▶ PROBLEM TO SOLVE: Which lines below fall between the one containing "w(1) by simp" and the one containing "using v(3) w(3) by"? Repeat them exactly, counting both of those lines, and add nothing else.

::: INPUT

lemma bwords_Nil [simp]: "[] \<in> bwords g n"
  by (simp add: bwords_def)

lemma bwords_Cons: "x # w \<in> bwords g n \<longleftrightarrow> x \<in> UNIV \<times> braid_gens g n \<and> w \<in> bwords g n"
  by (simp add: bwords_def)

lemma bwords_append [simp]: "a @ b \<in> bwords g n \<longleftrightarrow> a \<in> bwords g n \<and> b \<in> bwords g n"
  by (simp add: bwords_def)

lemma bwords_inv_word [simp]: "inv_word a \<in> bwords g n \<longleftrightarrow> a \<in> bwords g n"
  unfolding bwords_def by (rule inv_word_lists_iff)

lemma bwords_sw [simp]: "sw i \<in> bwords g n \<longleftrightarrow> 1 \<le> i \<and> i \<le> n - 1"
  by (simp add: bwords_def sw_def)

lemma bwords_swi [simp]: "swi i \<in> bwords g n \<longleftrightarrow> 1 \<le> i \<and> i \<le> n - 1"
  by (simp add: bwords_def swi_def)

lemma bwords_aw [simp]: "aw k \<in> bwords g n \<longleftrightarrow> 1 \<le> k \<and> k \<le> 2 * g"
  by (simp add: bwords_def aw_def)

lemma bwords_awi [simp]: "awi k \<in> bwords g n \<longleftrightarrow> 1 \<le> k \<and> k \<le> 2 * g"
  by (simp add: bwords_def awi_def)

lemma some_rep_in_bclass:
  assumes "w \<in> bwords g n"
  defines "v \<equiv> SOME v. v \<in> bclass g n w \<inter> bwords g n"
  shows "v \<in> bwords g n" "pres_eq (braid_rels g n) w v"
proof -
  have "w \<in> bclass g n w \<inter> bwords g n"
    using assms(1) by (simp add: pclass_def pres_eq.refl)
  then have "v \<in> bclass g n w \<inter> bwords g n"
    unfolding v_def by (rule someI)
  then show "v \<in> bwords g n" "pres_eq (braid_rels g n) w v"
    by (simp_all add: pclass_def)
qed

lemma rho_bclass:
  assumes "w \<in> bwords g n" "2 \<le> n"
  shows "rho g n (bclass g n w) = bclass g (n - 1) (forget 1 w)"
  using forget_pres_eq[OF some_rep_in_bclass(2) assms(1) some_rep_in_bclass(1), of 1] assms
  unfolding rho_def by (simp add: pclass_eq_iff pres_eq.sym)

lemma phi_bclass:
  assumes "w \<in> bwords g n" "s \<in> {1..n}"
  shows "phi g n (bclass g n w) s = pclass (pi_rels g) (strand s w)"
  using strand_pres_eq[OF some_rep_in_bclass(2) assms(1) some_rep_in_bclass(1), of s] assms
  unfolding phi_def by (simp add: pclass_eq_iff pres_eq.sym)

lemma KE:
  assumes "c \<in> K g n"
  obtains w where "w \<in> bwords g n" "c = bclass g n w" "perm_word w = id"
    "\<And>s. s \<in> {1..n} \<Longrightarrow> pres_eq (pi_rels g) (strand s w) []"
proof -
  from assms obtain w where w: "w \<in> bwords g n" "c = bclass g n w" "perm_word w = id"
    by (auto simp: K_def PB_def)
  moreover have "pres_eq (pi_rels g) (strand s w) []" if "s \<in> {1..n}" for s
  proof -
    have "phi g n c s = \<one>\<^bsub>pi1 g\<^esub>"
      using assms that by (simp add: K_def)
    then show ?thesis
      using phi_bclass[OF w(1) that] w(2) by (simp add: pi1_def pres_group_one pclass_eq_iff)
  qed
  ultimately show ?thesis using that by blast
qed

lemma KI:
  assumes "w \<in> bwords g n" "perm_word w = id" "\<And>s. s \<in> {1..n} \<Longrightarrow> pres_eq (pi_rels g) (strand s w) []"
  shows "bclass g n w \<in> K g n"
proof -
  have "bclass g n w \<in> PB g n"
    using assms(1,2) unfolding PB_def by blast
  then show ?thesis
    using assms(3) phi_bclass[OF assms(1)] by (simp add: K_def pi1_def pres_group_one pclass_eq_iff)
qed

lemma K_mult_inv:
  assumes "a \<in> K g n" "c \<in> K g n"
  shows "a \<otimes>\<^bsub>Bgrp g n\<^esub> inv\<^bsub>Bgrp g n\<^esub> c \<in> K g n"
proof -
  obtain v where v: "v \<in> bwords g n" "a = bclass g n v" "perm_word v = id"
    "\<And>s. s \<in> {1..n} \<Longrightarrow> pres_eq (pi_rels g) (strand s v) []"
    using KE[OF assms(1)] by blast
  obtain w where w: "w \<in> bwords g n" "c = bclass g n w" "perm_word w = id"
    "\<And>s. s \<in> {1..n} \<Longrightarrow> pres_eq (pi_rels g) (strand s w) []"
    using KE[OF assms(2)] by blast
  have strand: "strand s (v @ inv_word w) = strand s v @ inv_word (strand s w)" for s
    using v(3) w(3) strand_inv_word[of s w] by (simp add: strand_append perm_word_eq_id_iff)
  have "bclass g n (v @ inv_word w) \<in> K g n"
  proof (rule KI)
    show "v @ inv_word w \<in> bwords g n" using v(1) w(1) by simp
    show "perm_word (v @ inv_word w) = id"
      using v(3) w(3) by (simp add: perm_word_append perm_word_inv_word_eq_id)
    show "pres_eq (pi_rels g) (strand s (v @ inv_word w)) []" if "s \<in> {1..n}" for s
      unfolding strand using that by (intro pres_eq_Nil_append pres_eq_Nil_inv_word v(4) w(4))
  qed
  then show ?thesis using v w by (simp add: Bgrp_inv)
qed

::::::

▶ OUTPUT FOR THIS TASK:
    show "v @ inv_word w \<in> bwords g n" using v(1) w(1) by simp
    show "perm_word (v @ inv_word w) = id"
      using v(3) w(3) by (simp add: perm_word_append perm_word_inv_word_eq_id)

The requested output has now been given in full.